Output the lines below exactly, please, from the first line until the line with "many elements <= x", counting both.

-- Records supplied follows --

definition init_pos :: "nat \<Rightarrow> arm list list" where
  "init_pos n = [map Orig [1..<n+1]]"

definition parking_function :: "nat \<Rightarrow> nat list \<Rightarrow> bool" where
  "parking_function m a \<longleftrightarrow> length a = m \<and> set a \<subseteq> {1..m} \<and>
     (\<forall>i<m. sort a ! i \<le> i + 1)"

end

theory Submission
  imports Defs "HOL-Library.Multiset"
begin

(*
  Around every region the short labels of the free arms are distinct and increase clockwise up to
  rotation. Hence a move with entry P = min(i^-, j^-) in a region with label set C splits C into
  the cyclic arc of the labels z with P < z <= Q, where Q = max(i^-, j^-), and its complement;
  the two joined arms are the cyclic successors of P and Q in C.

  Call a multiset M parking on C if |M| + 1 = |C| and, for every x below Max C, C has at most as
  many elements <= x as M has entries <= x; for C = {1..n} these are the parking functions of
  length n - 1. A sequence is produced by a complete line of play iff, for every region, its
  entries lying in the region's label set are parking on it. The inductive step: M + {P} is
  parking on C iff, for some Q, the entries in (P, Q] park on the arc and the remaining ones on
  its complement; and this Q is unique, being the first point beyond P where the arc holds more
  labels than entries. Uniqueness of Q recovers every move from the sequence.
*)

section \<open>Parking multisets on a finite label set\<close>

definition card_le :: "nat set \<Rightarrow> nat \<Rightarrow> nat" where
  "card_le C x = card {z \<in> C. z \<le> x}"

definition count_le :: "nat multiset \<Rightarrow> nat \<Rightarrow> nat" where
  "count_le M x = size {#z \<in># M. z \<le> x#}"

definition parking_on :: "nat set \<Rightarrow> nat multiset \<Rightarrow> bool" where
  "parking_on C M \<longleftrightarrow> finite C \<and> C \<noteq> {} \<and> size M + 1 = card C \<and> set_mset M \<subseteq> C \<and>
     (\<forall>x < Max C. card_le C x \<le> count_le M x)"

lemma size_filter_mset_split: "size M = size {#z \<in># M. P z#} + size {#z \<in># M. \<not> P z#}"
  by (metis multiset_partition size_union)

lemma card_le_Int_Diff: "finite C \<Longrightarrow> card_le C x = card_le (C \<inter> I) x + card_le (C - I) x"
proof -
  have "{z \<in> C \<inter> I. z \<le> x} = {z \<in> C. z \<le> x} \<inter> I" "{z \<in> C - I. z \<le> x} = {z \<in> C. z \<le> x} - I"
    by auto
  then show "finite C \<Longrightarrow> ?thesis" unfolding card_le_def by (simp add: card_Int_Diff)
qed

lemma count_le_filter_split:
  "count_le M x = count_le {#z \<in># M. z \<in> I#} x + count_le {#z \<in># M. z \<notin> I#} x"
  unfolding count_le_def filter_filter_mset by (subst size_filter_mset_split[where P = "\<lambda>z. z \<in> I"])
    (simp add: filter_filter_mset conj_commute)

lemma count_le_add_mset [simp]:
  "count_le (add_mset p N) x = (if p \<le> x then 1 else 0) + count_le N x"
  unfolding count_le_def by simp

-- Records supplied concluded --

Completed task:
definition init_pos :: "nat \<Rightarrow> arm list list" where
  "init_pos n = [map Orig [1..<n+1]]"

definition parking_function :: "nat \<Rightarrow> nat list \<Rightarrow> bool" where
  "parking_function m a \<longleftrightarrow> length a = m \<and> set a \<subseteq> {1..m} \<and>
     (\<forall>i<m. sort a ! i \<le> i + 1)"

end

theory Submission
  imports Defs "HOL-Library.Multiset"
begin

(*
  Around every region the short labels of the free arms are distinct and increase clockwise up to
  rotation. Hence a move with entry P = min(i^-, j^-) in a region with label set C splits C into
  the cyclic arc of the labels z with P < z <= Q, where Q = max(i^-, j^-), and its complement;
  the two joined arms are the cyclic successors of P and Q in C.

  Call a multiset M parking on C if |M| + 1 = |C| and, for every x below Max C, C has at most as
  many elements <= x as M has entries <= x; for C = {1..n} these are the parking functions of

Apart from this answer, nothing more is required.